October 2, 0004 PPE: Hollywood Park, OKC Sector West


     "Welcome!" flashed the simulated neon sign on the Wordman's screen.

     "Please place your palm against the glass," a deep, kindly voice advised. Bill spread his hand and pressed it flat against the WordMan's old-fashioned monitor. The electrode headband, wristbands and anklebands chafed against his skin. But that was only until his credit kicked in. And with it a whole five-dimensional world of synthetic sensations that would utterly overwhelm the usual three-dimensional ones.

     "Welcome!" the neon was flashing now in psychedelic ripples of color, "to the Virtual Free Market Mall!"

     Bill drew the elastic headband down over his eyes. He was no longer sitting motionless on his sofabed, legs spread wide for stability on the rumpled sheets. He was stepping forward stiffly on what felt like someone else's feet. While the spotlights played across the fabulous everchanging facade of the Mall.

     "William, your credit-count this afternoon is sufficient to admit you down to Level 44," the deep voice continued. "Shopping is now in progress— won't you join us?"

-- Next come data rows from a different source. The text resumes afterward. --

lemma card_Cn: "card (Cn n) = (n - 2) div 2"
proof -
  have "Cn n = (\<lambda>t. 2 * t + 1) ` {1..(n - 2) div 2}"
  proof (intro set_eqI iffI)
    fix i assume "i \<in> Cn n"
    moreover from this obtain t where "i = 2 * t + 1" using CnD oddE by blast
    ultimately show "i \<in> (\<lambda>t. 2 * t + 1) ` {1..(n - 2) div 2}"
      by (auto simp: Cn_def split: if_splits)
  next
    fix i assume "i \<in> (\<lambda>t. 2 * t + 1) ` {1..(n - 2) div 2}"
    then show "i \<in> Cn n" by (auto simp: Cn_def) presburger+
  qed
  moreover have "inj (\<lambda>t. 2 * t + 1 :: nat)" by (auto intro: injI)
  ultimately show ?thesis by (simp add: card_image inj_on_subset)
qed

lemma Cn_separated: "i \<in> Cn n \<Longrightarrow> k \<in> Cn n \<Longrightarrow> i \<noteq> k \<Longrightarrow> i + 2 \<le> k \<or> k + 2 \<le> i"
  by (auto dest!: CnD elim!: oddE)

lemma boundary_changes_cmap_other:
  assumes "i \<in> Cn n" "k \<in> Cn n" "k \<noteq> i"
  shows "boundary_changes i (cmap k q) = boundary_changes i q"
proof -
  have "j + 2 < k \<or> k \<le> j" if "j \<in> {i - 2, i - 1}" for j
    using that assms Cn_separated[of i n k] CnD[OF assms(1)] by auto
  then have "{i - 2, i - 1} \<inter> {j. changes_dir_at (cmap k q) j} = {i - 2, i - 1} \<inter> {j. changes_dir_at q j}"
    using changes_dir_at_cmap_far by blast
  then show ?thesis by (simp add: boundary_changes_def)
qed

lemma changes_dir_at_cmap_off_boundaries:
  assumes "k \<in> Cn n" "j \<notin> (\<Union>i\<in>Cn n. {i - 2, i - 1})"
  shows "changes_dir_at (cmap k q) j = changes_dir_at q j"
proof -
  have "j + 2 < k \<or> k \<le> j" using assms CnD[OF assms(1)] by auto
  then show ?thesis by (rule changes_dir_at_cmap_far)
qed

lemma finite_changes_dir_at: "finite {j. changes_dir_at q j}"
  by (rule finite_subset[of _ "{..<length q}"]) (auto simp: changes_dir_at_def)

lemma run_eq_off_boundaries_plus_boundary_changes:
  "run q = 1 + card ({j. changes_dir_at q j} - (\<Union>i\<in>Cn n. {i - 2, i - 1}))
    + (\<Sum>i\<in>Cn n. boundary_changes i q)"
proof -
  have "{i - 2, i - 1} \<inter> {k - 2, k - 1} = {}" if "i \<in> Cn n" "k \<in> Cn n" "i \<noteq> k" for i k
    using Cn_separated[OF that] CnD[OF that(1)] CnD[OF that(2)] by auto
  then show ?thesis
    using card_eq_card_Diff_UN_plus_sum[OF finite_changes_dir_at finite_Cn, where B = "\<lambda>i. {i - 2, i - 1}"]
    by (simp add: run_def boundary_changes_def)
qed

lemma orbit_eq_fold_image: "orbit n p = (\<lambda>S. Finite_Set.fold cmap p S) ` Pow (Cn n)"
  unfolding orbit_def by (rule cmaps.rtrancl_eq_fold_image[OF finite_Cn])

lemma boundary_changes_cmap_Cn:
  assumes "p \<in> permutations_of_set {1..n}" "i \<in> Cn n"
  shows "boundary_changes i (cmap i p) = boundary_changes i p + 1 \<or>
    boundary_changes i p = boundary_changes i (cmap i p) + 1"
proof (rule boundary_changes_cmap)
  show "distinct p" using assms(1) by (rule permutations_of_setD(2))
  show "3 \<le> i" "i < length p"
    using CnD[OF assms(2)] length_finite_permutations_of_set[OF assms(1)] by simp_all
qed

lemma inj_on_fold_cmap:
  assumes "p \<in> permutations_of_set {1..n}"
  shows "inj_on (\<lambda>S. Finite_Set.fold cmap p S) (Pow (Cn n))"
proof (rule cmaps.inj_on_fold_Pow[OF finite_Cn, where g = boundary_changes])
  show "boundary_changes i (cmap k q) = boundary_changes i q" if "i \<in> Cn n" "k \<in> Cn n" "k \<noteq> i" for i k q
    using that by (rule boundary_changes_cmap_other)
  show "boundary_changes i (cmap i p) \<noteq> boundary_changes i p" if "i \<in> Cn n" for i
    using boundary_changes_cmap_Cn[OF assms that] by auto
qed

lemma run_fold_cmap:
  assumes "S \<subseteq> Cn n"
  shows "run (Finite_Set.fold cmap p S) =
    1 + card ({j. changes_dir_at p j} - (\<Union>i\<in>Cn n. {i - 2, i - 1})) +
    (\<Sum>i\<in>Cn n. if i \<in> S then boundary_changes i (cmap i p) else boundary_changes i p)"
proof -
  let ?q = "Finite_Set.fold cmap p S"
  have "finite S" using assms finite_Cn by (rule finite_subset)
  have "changes_dir_at ?q j = changes_dir_at p j" if "j \<notin> (\<Union>i\<in>Cn n. {i - 2, i - 1})" for j
    by (rule cmaps.fold_invariant[OF \<open>finite S\<close>])
      (use changes_dir_at_cmap_off_boundaries assms that in blast)
  then have "{j. changes_dir_at ?q j} - (\<Union>i\<in>Cn n. {i - 2, i - 1})
      = {j. changes_dir_at p j} - (\<Union>i\<in>Cn n. {i - 2, i - 1})"
    by blast
  moreover have "boundary_changes i ?q =
      (if i \<in> S then boundary_changes i (cmap i p) else boundary_changes i p)" if "i \<in> Cn n" for i
    by (rule cmaps.fold_invariant_but_one[OF \<open>finite S\<close>])
      (use boundary_changes_cmap_other[OF that] assms in blast)
  ultimately show ?thesis
    using run_eq_off_boundaries_plus_boundary_changes[of ?q n] by simp
qed

theorem mainTheorem3:
  fixes n :: nat and p :: "nat list"
  assumes "n \<ge> 4"
    and "p \<in> permutations_of_set {1..n}"
  shows "card (orbit n p) = 2 ^ ((n - 2) div 2) \<and>
         (\<exists>a::nat. (\<Sum>q\<in>orbit n p. monom (1::int) (run q))
                     = monom 1 a * [:1, 1:] ^ ((n - 2) div 2))"
proof -
  let ?F = "\<lambda>S. Finite_Set.fold cmap p S"
  have inj: "inj_on ?F (Pow (Cn n))" using assms(2) by (rule inj_on_fold_cmap)
  have card: "card (orbit n p) = 2 ^ ((n - 2) div 2)"
    by (simp add: orbit_eq_fold_image card_image[OF inj] card_Pow finite_Cn card_Cn)
  define r where "r = card ({j. changes_dir_at p j} - (\<Union>i\<in>Cn n. {i - 2, i - 1}))"
  define x where "x i = boundary_changes i p" for i
  define y where "y i = boundary_changes i (cmap i p)" for i
  have "(\<Sum>q\<in>orbit n p. monom (1::int) (run q)) = (\<Sum>S\<in>Pow (Cn n). [:0, 1:] ^ run (?F S))"
    by (simp add: orbit_eq_fold_image sum.reindex[OF inj] monom_altdef)
  also have "\<dots> = (\<Sum>S\<in>Pow (Cn n). [:0, 1:] ^ (1 + r + (\<Sum>i\<in>Cn n. if i \<in> S then y i else x i)))"
    unfolding r_def x_def y_def by (intro sum.cong) (simp_all add: run_fold_cmap)
  also have "\<dots> = [:0, 1:] ^ (1 + r + (\<Sum>i\<in>Cn n. min (x i) (y i))) * (1 + [:0, 1:]) ^ card (Cn n)"
    using boundary_changes_cmap_Cn[OF assms(2)] unfolding x_def y_def
    by (intro sum_Pow_power_choice finite_Cn) blast
  also have "\<dots> = monom 1 (1 + r + (\<Sum>i\<in>Cn n. min (x i) (y i))) * [:1, 1:] ^ ((n - 2) div 2)"
    by (simp add: monom_altdef card_Cn one_pCons)
  finally show ?thesis using card by blast
qed

end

     But Bill was already through the turnstile and halfway to the escalators. He had to make it down to Level 43 while his credit-count was good enough to shop there. Around him the candy displays beckoned, each chocolate bar and bag of candycorn aglow from within. Even the humblest lollipop here radiated its own miraculous pulsating light. He resisted the sugar-dazzle, snacking on the headlines of the electronic tabloids instead. The Second Coming of Jimi Hendrix: some loopy new online cult. And the Fat is Fun Fad appeared to be back.

     He hustled past Just Desserts, an all-dessert joint across from the elevators. If he could make it past Level One, he was safe. But he hustled past the elevators too. In the Mall's elevators he would be continuously assaulted with sales and specials, hovering like brand-name hallucinations around his head as each Level flashed by. Whispering irresistible jingles in his ears. Wafting seductive odors through his nostril-hairs. The demons of this high-tech inferno.

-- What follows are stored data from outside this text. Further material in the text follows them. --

lemma occurs_valid_tree: "occurs t s u z \<Longrightarrow> valid_tree G t \<Longrightarrow> valid_tree G s"
  by (induction rule: occurs.induct) auto

lemma occurs_size: "occurs t s u z \<Longrightarrow> size s \<le> size t"
  by (induction rule: occurs.induct) auto

lemma occurs_trans: "occurs t s u z \<Longrightarrow> occurs s r u' z' \<Longrightarrow> occurs t r (u @ u') (z' @ z)"
proof (induction rule: occurs.induct)
  case (occurs_child c s u z A ts1 ts2)
  from occurs.occurs_child[OF occurs_child.IH[OF occurs_child.prems], of A ts1 ts2]
  show ?case by simp
qed simp

lemma occurs_in_child:
  assumes "c \<in> set ts" "occurs c s u z"
  shows "\<exists>u' z'. occurs (Nd A ts) s u' z'"
proof -
  obtain ts1 ts2 where "ts = ts1 @ c # ts2" using split_list[OF assms(1)] by blast
  then show ?thesis using occurs_child[OF assms(2)] by blast
qed

lemma occurs_replace:
  "occurs t s u z \<Longrightarrow> valid_tree G t \<Longrightarrow> valid_tree G s' \<Longrightarrow> root s' = root s \<Longrightarrow>
   \<exists>t'. valid_tree G t' \<and> root t' = root t \<and> yield t' = u @ yield s' @ z \<and>
        size t' + size s = size t + size s'"
proof (induction rule: occurs.induct)
  case (occurs_child c s u z A ts1 ts2)
  then obtain c' where "valid_tree G c'" "root c' = root c" "yield c' = u @ yield s' @ z"
      "size c' + size s = size c + size s'"
    by auto
  then show ?case
    using occurs_child.prems by (intro exI[of _ "Nd A (ts1 @ c' # ts2)"]) auto
qed auto

lemma nonterms_of_occurs: "A \<in> nonterms_of t \<Longrightarrow> \<exists>s u z. occurs t s u z \<and> root s = Inl A"
proof (induction t)
  case (Nd B ts)
  show ?case
  proof (cases "A = B")
    case True
    then show ?thesis using occurs_refl by fastforce
  next
    case False
    then obtain c where c: "c \<in> set ts" "A \<in> nonterms_of c" using Nd.prems by auto
    then obtain s u z where "occurs c s u z" "root s = Inl A" using Nd.IH by blast
    then show ?thesis using occurs_in_child[OF c(1)] by blast
  qed
qed simp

     Bill preferred the escalators. Slower, hence more expensive. But infinitely more sane. Each Level in turn, as he descended through its ceiling, spread out below him as far as he could see. Aisle after aisle crammed with a twinkling galaxy of objects. The multicolored holo-carts of the shoppers, some driverless. Some— even more startling until you got used to it— piloted by smiling, waving celebrities. A holo-Guard in a purple spacesuit at every major intersection. Everything you could think of, everything you'd ever seen advertised, in every size and color. And everywhere you looked, something new, improved or otherwise unfamiliar. A browser's paradise.

     Unlike the old walk-through mall, however, even browsing here would run up a bill. The invisible shoppers drove their holo-carts like drunken stock car racers, rodeo broncos set loose in bumper-cars.

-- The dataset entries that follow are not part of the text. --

lemma small_fort_exists:
  assumes "simple_graph V E" and "V \<noteq> {}"
  shows "\<exists>U. fort V E U \<and> card U \<le> card V div 2 + 1"
  using assms
proof (induction "card V" arbitrary: V E rule: less_induct)
  case less
  have sg: "simple_graph V E" by fact
  then have finV: "finite V" unfolding simple_graph_def by blast
  have smaller: "\<exists>U. fort (V - {v, y}) E' U \<and> card U \<le> card V div 2"
    if vy: "v \<in> V" "y \<in> V" "v \<noteq> y" and ne: "V - {v, y} \<noteq> {}"
      and sym': "\<And>a b. E' a b \<Longrightarrow> E' b a" for v y E'
  proof -
    let ?V' = "V - {v, y}"
    let ?E' = "\<lambda>a b. a \<in> ?V' \<and> b \<in> ?V' \<and> a \<noteq> b \<and> E' a b"
    have "card {v, y} \<le> card V" using vy finV by (intro card_mono) auto
    then have card: "card ?V' + 2 = card V"
      using vy finV by (simp add: card_Diff_subset)
    have "simple_graph ?V' ?E'" using simple_graph_induced[of ?V' E'] finV sym' by blast
    moreover have "card ?V' < card V" using card by linarith
    ultimately obtain U where "fort ?V' ?E' U" and "card U \<le> card ?V' div 2 + 1"
      using less.hyps ne by blast
    moreover have "fort ?V' ?E' U \<longleftrightarrow> fort ?V' E' U" by (rule fort_cong) auto
    ultimately show ?thesis using card by (intro exI[of _ U]) auto
  qed
  show ?case
  proof (cases "\<exists>v\<in>V. card {u. E v u} \<le> 2")
    case True
    then obtain v where "v \<in> V" "card {u. E v u} \<le> 2" by blast
    then show ?thesis using small_fort_if_low_degree[OF sg] smaller by blast
  next
    case False
    then show ?thesis using small_fort_if_min_degree_ge_3[OF sg less.prems(2)] by fastforce
  qed
qed

theorem theorem5:
  fixes V :: "'a set" and E :: "'a \<Rightarrow> 'a \<Rightarrow> bool"
  assumes "simple_graph V E" and "card V \<ge> 1"
  shows "failed_zf_number V E \<ge> (card V - 1) div 2"
proof -
  have "finite V" using assms(1) unfolding simple_graph_def by blast
  obtain U where U: "fort V E U" and small: "card U \<le> card V div 2 + 1"
    using small_fort_exists[OF assms(1)] assms(2) by fastforce
  have "card (V - U) \<le> failed_zf_number V E"
    using card_le_failed_zf_number[OF \<open>finite V\<close> failed_zero_forcing_set_Diff_fort[OF assms(1) U]] .
  moreover have "card (V - U) = card V - card U"
    using U \<open>finite V\<close> unfolding fort_def by (meson card_Diff_subset finite_subset)
  ultimately show ?thesis using small assms(2) by linarith
qed

end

     Fortunately, if a Guard didn't catch you, you could cheat. Bill's remote control had a fast-forward button. Sort of like the old days, when you could walk down the escalator while you rode. Level 4: Housewares. Level 9: Appliances. Level 16: Sporting goods. Levels 18 through 22: a blur of Entertainment software. Level 30: Office supplies.

     He whizzed a Level too far and threw the remote into reverse. Too late. Level 44 was as far as his credit would stretch today, as a clap of rubber thunder and a pink lightningbolt reminded him.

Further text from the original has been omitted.